Canonicalization of Language Tags [2] is different and out of scope - it
means use the preferred names, for example, for countries. That requires
access to the global registry. It is not being considered by RDF 1.,2 WG.
A complication is that the RDF-defined preferred presentation of
language tags is not the same as the RFC. RDF says "lower case".
In the RFC, each subtag has a preferred form. It's "en-US" ,"en-Latn-US"
... The preferred form normalization rules only need the language tag
string.
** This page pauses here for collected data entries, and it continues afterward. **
(* Let $n\in\mathbb{N}$ and let $\ell:[0,1]\to\mathbb{R}$ be convex and $L$-Lipschitz. There exists an online learning strategy that, when presented sequentially (possibly adversarially and adaptively) with channel test operators $E_{A,B}^{(t)}$, $t\in\{1,\dots,T\}$, and associated losses $\ell_t(\cdot)=\ell((\cdot)-b_t)$ with $b_t\in[0,1]$, outputs hypotheses $N_{A,B}^{(t)}\in\mathsf{PAULI}_n'$ such that for every $n$-qubit Pauli channel $\mathcal{P}$, \[ \sum_{t=1}^T \ell_t\big(\mathrm{Tr}[E_{A,B}^{(t)}N_{A,B}^{(t)}]\big) - \sum_{t=1}^T \ell_t\big(\mathrm{Tr}[E_{A,B}^{(t)}C_{A,B}^{\mathcal{P}}]\big) = \mathcal{O}(L\sqrt{nT}). \]
   Context: $A,B$ are $n$-qubit systems, $d=2^n$. Choi matrix: $C^{\mathcal{N}}_{A,B}=\sum_{i,j=0}^{d-1}|i\rangle\langle j|\otimes\mathcal{N}(|i\rangle\langle j|)$. A channel test operator is $E_{A,B}\geq0$ with $E_{A,B}\leq\sigma_A\otimes\mathbb{1}_B$ for some density operator $\sigma_A$. For $\vec z,\vec x\in\{0,1\}^n$ the Pauli operator is $P^{\vec z,\vec x}=\mathrm{i}^{\vec z\cdot\vec x}Z^{\vec z}X^{\vec x}$ (tensor products of single-qubit $Z^{z_i}$, $X^{x_i}$). An $n$-qubit Pauli channel is $\mathcal{P}(\rho)=\sum_{\vec z,\vec x}p_{\vec z,\vec x}P^{\vec z,\vec x}\rho P^{\vec z,\vec x\dagger}$ for a probability vector $(p_{\vec z,\vec x})$ on $\{0,1\}^n\times\{0,1\}^n$. $\mathsf{PAULI}_n'$ is the set of Choi matrices of $n$-qubit Pauli channels. In round $t$ the adversary presents $E^{(t)}$, the learner outputs $N^{(t)}$ (depending only on past information) and predicts $\mathrm{Tr}[E^{(t)}N^{(t)}]$, then $b_t$ is revealed. *)

theory Defs
  imports "HOL-Analysis.Convex" "Jordan_Normal_Form.Matrix"
begin

type_synonym cmat = "complex mat"

definition mtrace :: "cmat \<Rightarrow> complex" where
  "mtrace A = (\<Sum>i<dim_row A. A $$ (i, i))"

definition adj :: "cmat \<Rightarrow> cmat" where
  "adj A = mat (dim_col A) (dim_row A) (\<lambda>(i, j). cnj (A $$ (j, i)))"

definition psd :: "nat \<Rightarrow> cmat \<Rightarrow> bool" where
  "psd k A \<longleftrightarrow> A \<in> carrier_mat k k \<and>
     (\<forall>v \<in> carrier_vec k. (\<Sum>i<k. cnj (v $ i) * (A *\<^sub>v v) $ i) \<in> \<real> \<and>
                           0 \<le> Re (\<Sum>i<k. cnj (v $ i) * (A *\<^sub>v v) $ i))"

definition density :: "nat \<Rightarrow> cmat \<Rightarrow> bool" where
  "density k \<sigma> \<longleftrightarrow> psd k \<sigma> \<and> mtrace \<sigma> = 1"

definition kron :: "cmat \<Rightarrow> cmat \<Rightarrow> cmat" where
  "kron A B = mat (dim_row A * dim_row B) (dim_col A * dim_col B)
     (\<lambda>(i, j). A $$ (i div dim_row B, j div dim_col B) * B $$ (i mod dim_row B, j mod dim_col B))"
(* Let $N,n,m,p$ be positive integers, $A\in\mathbb{R}^{n\times n}$, $B\in\mathbb{R}^{n\times p}$, $C\in\mathbb{R}^{m\times n}$, $H\in\mathbb{R}^{n\times m}$, $W=[w_{ij}]\in\mathbb{R}^{N\times N}$ with $w_{ii}=0$ for all $i$, $\Delta=\mathrm{diag}(\delta_1,\dots,\delta_N)$ with $\delta_i\in\{0,1\}$, and $h>0$. Put $\mathcal{B}(h)=\int_0^h e^{A\tau}d\tau\,B$, $\mathcal{H}(h)=\int_0^h e^{A\tau}d\tau\,HC$, $\Phi_s=I_N\otimes e^{Ah}+W\otimes\mathcal{H}(h)$, $\Psi_s=\Delta\otimes\mathcal{B}(h)$. Assume $W$ is diagonalizable, let $v_1,\dots,v_N\in\mathbb{C}^{1\times N}$ be linearly independent row vectors with $v_kW=\lambda_kv_k$, and let $E_k=e^{Ah}+\lambda_k\mathcal{H}(h)$, $k=1,\dots,N$. Assume moreover that every $E_k$ is nonsingular. Then the networked sampled-data system $X(k+1)=\Phi_sX(k)+\Psi_sU(k)$ is controllable if and only if the following three conditions all hold: (1) the pair $(W,\Delta)$ is controllable; (2) the pair $(E_k,\mathcal{B}(h))$ is controllable for every $k=1,\dots,N$; (3) whenever $\theta\in\mathbb{C}$ is a common eigenvalue of $E_{k_1},\dots,E_{k_q}$ for distinct indices $k_1,\dots,k_q\in\{1,\dots,N\}$ with $1<q\le N$, then $(v_{k_1}\otimes\xi_{k_1}+\dots+v_{k_q}\otimes\xi_{k_q})(\Delta\otimes\mathcal{B}(h))\neq0$ for all $\xi_j\in M(\theta\,|\,E_j)$, $j=k_1,\dots,k_q$, with $(\xi_{k_1},\dots,\xi_{k_q})\neq0$.
   Context: The networked sampled-data system is the discrete-time system $X(k+1)=\Phi_sX(k)+\Psi_sU(k)$, $X(k)\in\mathbb{R}^{Nn}$, $U(k)\in\mathbb{R}^{Np}$; it is called controllable if every initial state can be steered to the origin in finitely many steps. For $F\in\mathbb{C}^{q\times q}$, $G\in\mathbb{C}^{q\times s}$, the pair $(F,G)$ is called controllable if $\mathrm{rank}[sI_q-F,\ G]=q$ for every $s\in\mathbb{C}$. $M(\theta\,|\,E)=\{\xi:\ \xi E=\theta\xi\}$ is the left eigenspace of the square matrix $E$ for $\theta$. $\otimes$ is the Kronecker product. *)

theory Defs
  imports "HOL-Analysis.Analysis"
begin

(* Matrices are HOL-Analysis matrices 'a^'cols^'rows; dimensions are finite types.
   Row vectors of length k are vectors 'a^'k, and  x v* M  is row-vector times matrix. *)

primrec mpow :: "'a::semiring_1^'n^'n \<Rightarrow> nat \<Rightarrow> 'a^'n^'n" where
  "mpow A 0 = mat 1"
| "mpow A (Suc k) = A ** mpow A k"

definition mexp :: "real^'n^'n \<Rightarrow> real^'n^'n" where
  "mexp A = (\<Sum>k. (1 / fact k) *\<^sub>R mpow A k)"

definition kron :: "'a::times^'c1^'r1 \<Rightarrow> 'a^'c2^'r2 \<Rightarrow> 'a^('c1 \<times> 'c2)^('r1 \<times> 'r2)" where
  "kron A B = (\<chi> i j. A $ fst i $ fst j * B $ snd i $ snd j)"

definition kronv :: "'a::times^'k1 \<Rightarrow> 'a^'k2 \<Rightarrow> 'a^('k1 \<times> 'k2)" where
  "kronv x y = (\<chi> i. x $ fst i * y $ snd i)"

definition cmat :: "real^'c^'r \<Rightarrow> complex^'c^'r" where
  "cmat M = (\<chi> i j. complex_of_real (M $ i $ j))"

definition pair_controllable :: "complex^'q^'q \<Rightarrow> complex^'s^'q \<Rightarrow> bool" where
  "pair_controllable F G \<longleftrightarrow>
     (\<forall>s::complex. rank ((\<chi> i j. case j of Inl a \<Rightarrow> (mat s - F) $ i $ a
                                         | Inr b \<Rightarrow> G $ i $ b) :: complex^('q + 's)^'q)
                    = CARD('q))"
lemma expectation_hom_density_near_mu_F:
  assumes "standard_kernel \<kappa>" "\<forall>i\<in>{1..n}. x i \<in> {0..1}" "simple_graph_on {1..k} EF"
    and "k \<le> n" "2 \<le> n" "EH \<subseteq> all_pairs n"
  shows "\<bar>measure_pmf.expectation (random_graph n x EH \<kappa>) (hom_density k EF n) - mu_F \<kappa> k EF n x\<bar>
           \<le> real (card EH) * (real k * (real k - 1) / (real n * (real n - 1)))"
proof -
  define D where "D \<phi> = (\<lambda>e. \<phi> ` e) ` EF" for \<phi> :: "nat \<Rightarrow> nat"
  define U where "U = (\<Union>h\<in>EH. hitting_injections k EF n h)"
  have fin: "finite EH" using assms(6) finite_all_pairs by (rule finite_subset)
  have "\<bar>(\<Prod>b\<in>D \<phi> - EH. edge_val \<kappa> x b) - T_F \<kappa> EF (x \<circ> \<phi>)\<bar> \<le> indicator U \<phi>"
    if \<phi>: "\<phi> \<in> injections k n" for \<phi>
  proof -
    have D: "D \<phi> \<subseteq> all_pairs n"
      using image_pair_in_all_pairs[OF \<phi>] assms(3) by (auto simp: D_def simple_graph_on_def)
    have T: "T_F \<kappa> EF (x \<circ> \<phi>) = (\<Prod>b\<in>D \<phi>. edge_val \<kappa> x b)"
      unfolding D_def by (rule T_F_comp_injection[OF assms(1,2,3) \<phi>])
    show ?thesis
    proof (cases "\<phi> \<in> U")
      case False
      then have "D \<phi> - EH = D \<phi>" using \<phi> by (auto simp: U_def D_def hitting_injections_def)
      then show ?thesis using T False by simp
    next
      case True
      have "D \<phi> - EH \<subseteq> all_pairs n" using D by blast
      from prod_edge_val_bounds[OF assms(1,2) this] prod_edge_val_bounds[OF assms(1,2) D]
      show ?thesis using T True by (simp add: abs_le_iff)
    qed
  qed
  then have "\<bar>\<Sum>\<phi>\<in>injections k n. (\<Prod>b\<in>D \<phi> - EH. edge_val \<kappa> x b) - T_F \<kappa> EF (x \<circ> \<phi>)\<bar>
      \<le> (\<Sum>\<phi>\<in>injections k n. indicator U \<phi>)"
    by (intro order.trans[OF sum_abs] sum_mono)
  also have "\<dots> = real (card U)"
  proof -
    have "injections k n \<inter> {\<phi>. \<phi> \<in> U} = U" by (auto simp: U_def hitting_injections_def)
    then show ?thesis using finite_injections by (simp add: indicator_def sum.If_cases)
  qed
  also have "\<dots> \<le> (\<Sum>h\<in>EH. real (card (hitting_injections k EF n h)))"
    unfolding U_def of_nat_sum[symmetric] of_nat_le_iff by (rule card_UN_le[OF fin])
  also have "\<dots> \<le> real (card EH) * (real k * (real k - 1) / (real n * (real n - 1)) * falling n k)"
    using card_hitting_injections[OF assms(3-5)] assms(6) by (intro sum_bounded_above) blast
  moreover have "measure_pmf.expectation (random_graph n x EH \<kappa>) (hom_density k EF n) - mu_F \<kappa> k EF n x
      = (\<Sum>\<phi>\<in>injections k n. (\<Prod>b\<in>D \<phi> - EH. edge_val \<kappa> x b) - T_F \<kappa> EF (x \<circ> \<phi>)) / falling n k"
    unfolding expectation_hom_density_random_graph[OF assms(1-3)] mu_F_def injections_def[symmetric]
    by (simp add: D_def sum_subtractf diff_divide_distrib)
  ultimately show ?thesis
    using falling_pos[OF assms(4)] by (simp add: pos_divide_le_eq)
qed
lemma AE_finite_unsatisfied_cycles_through:
  assumes EA: "EA_dist \<beta> \<nu>" and b: "\<beta> > 8"
  shows "AE \<omega> in \<nu>. finite {S. dual_cycle_through d S \<and> (\<forall>e\<in>S. unsatisfied \<omega> e)}"
proof -
  interpret prob_space \<nu> by (rule EA_distD(1)[OF EA])
  define A where "A n = (\<Union>vs\<in>cycles_through n d. {\<omega> \<in> space \<nu>. \<forall>e\<in>cycle_edges vs. unsatisfied \<omega> e})"
    for n
  have A_sets: "A n \<in> sets \<nu>" for n
    unfolding A_def by (intro sets.finite_UN finite_cycles_through EA_dist_sets_unsatisfied_cycle[OF EA])
  have summ: "summable (\<lambda>n. measure \<nu> (A n))"
  proof (rule summable_comparison_test'[where g = "\<lambda>n. (8 / \<beta>) ^ n"])
    show "summable (\<lambda>n. (8 / \<beta>) ^ n)" using b by (intro summable_geometric) simp
    show "norm (measure \<nu> (A n)) \<le> (8 / \<beta>) ^ n" for n
      unfolding A_def using measure_unsatisfied_cycles_through_le[OF EA, of n d] b by simp
  qed
  have "AE \<omega> in \<nu>. eventually (\<lambda>n. \<omega> \<in> space \<nu> - A n) sequentially"
    by (rule borel_cantelli_AE1[OF A_sets _ summ]) (simp add: emeasure_eq_measure)
  then show ?thesis
  proof (rule AE_mp, intro AE_I2 impI)
    fix \<omega> assume "\<omega> \<in> space \<nu>" and "eventually (\<lambda>n. \<omega> \<in> space \<nu> - A n) sequentially"
    then obtain N where N: "\<And>n. n \<ge> N \<Longrightarrow> \<omega> \<notin> A n" by (auto simp: eventually_sequentially)
    have "{S. dual_cycle_through d S \<and> (\<forall>e\<in>S. unsatisfied \<omega> e)} \<subseteq> (\<Union>n<N. cycle_edges ` cycles_through n d)"
    proof
      fix S assume "S \<in> {S. dual_cycle_through d S \<and> (\<forall>e\<in>S. unsatisfied \<omega> e)}"
      then obtain vs where vs: "vs \<in> cycles_through (length vs) d" and S: "S = cycle_edges vs"
        and "\<forall>e\<in>S. unsatisfied \<omega> e"
        unfolding dual_cycle_through_def cycles_through_def by auto
      with \<open>\<omega> \<in> space \<nu>\<close> have "\<omega> \<in> A (length vs)" unfolding A_def by blast
      with N have "length vs < N" by (meson not_le)
      with vs S show "S \<in> (\<Union>n<N. cycle_edges ` cycles_through n d)" by blast
    qed
    then show "finite {S. dual_cycle_through d S \<and> (\<forall>e\<in>S. unsatisfied \<omega> e)}"
      by (rule finite_subset) (intro finite_UN_I finite_lessThan finite_imageI finite_cycles_through)
  qed
qed

theorem lemma2p6:
  shows "\<exists>\<beta>0 > 0. \<forall>\<beta> > \<beta>0. \<forall>\<nu>. EA_dist \<beta> \<nu> \<and> translation_invariant \<nu> \<longrightarrow>
     (AE \<omega> in \<nu>. \<forall>d. finite {S. dual_cycle_through d S \<and> (\<forall>e\<in>S. unsatisfied \<omega> e)})"
proof (intro exI[of _ 8] conjI allI impI)
  fix \<beta> :: real and \<nu> assume "\<beta> > 8" and "EA_dist \<beta> \<nu> \<and> translation_invariant \<nu>"
  then have "AE \<omega> in \<nu>. finite {S. dual_cycle_through d S \<and> (\<forall>e\<in>S. unsatisfied \<omega> e)}" for d
    using AE_finite_unsatisfied_cycles_through by blast
  then show "AE \<omega> in \<nu>. \<forall>d. finite {S. dual_cycle_through d S \<and> (\<forall>e\<in>S. unsatisfied \<omega> e)}"
    by (subst AE_all_countable) blast
qed simp

end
Different subtags are identified by length, or for the country
part - by being first.
Jena defaults to treating language tags as given.
"abc"@fr and "abc"@FR are different RDF terms.
The Jena parsers have options to choose what to do.
RDFParserBuilder.langTagLowerCase()
RDFParserBuilder.langTagCanonical()
For Jena5:
1/ Do you think Jena should switch to one form?
2a/ Should that be in parsers, setting default to a one form output?
2b/ Or should all langtags get normalized as the node is created?
2/ Which is your preferred form for RDF 1.2?
2a/ Lower case
2b/ RFC-preferred form
2c/ No change
If Jena changes to have a common format of language tags, persistent
data that has language tags in it will have to be reloaded.
Jena has a LangTag parser, org.apache.jena.riot.web.LangTag.
The current codebase defers to Locale.Builder for normalization in the
JDK but that can be intercepted if the JDK is insufficient without
application involvement.
Andy
RFC 5646
https://datatracker.ietf.org/doc/html/rfc5646
[1] Formatting of language tags:
https://datatracker.ietf.org/doc/html/rfc5646#section-2.1.1
[2] Canonicalization of language tags
https://datatracker.ietf.org/doc/html/rfc5646#page-66
[3]
https://issues.apache.org/jira/browse/JENA-1384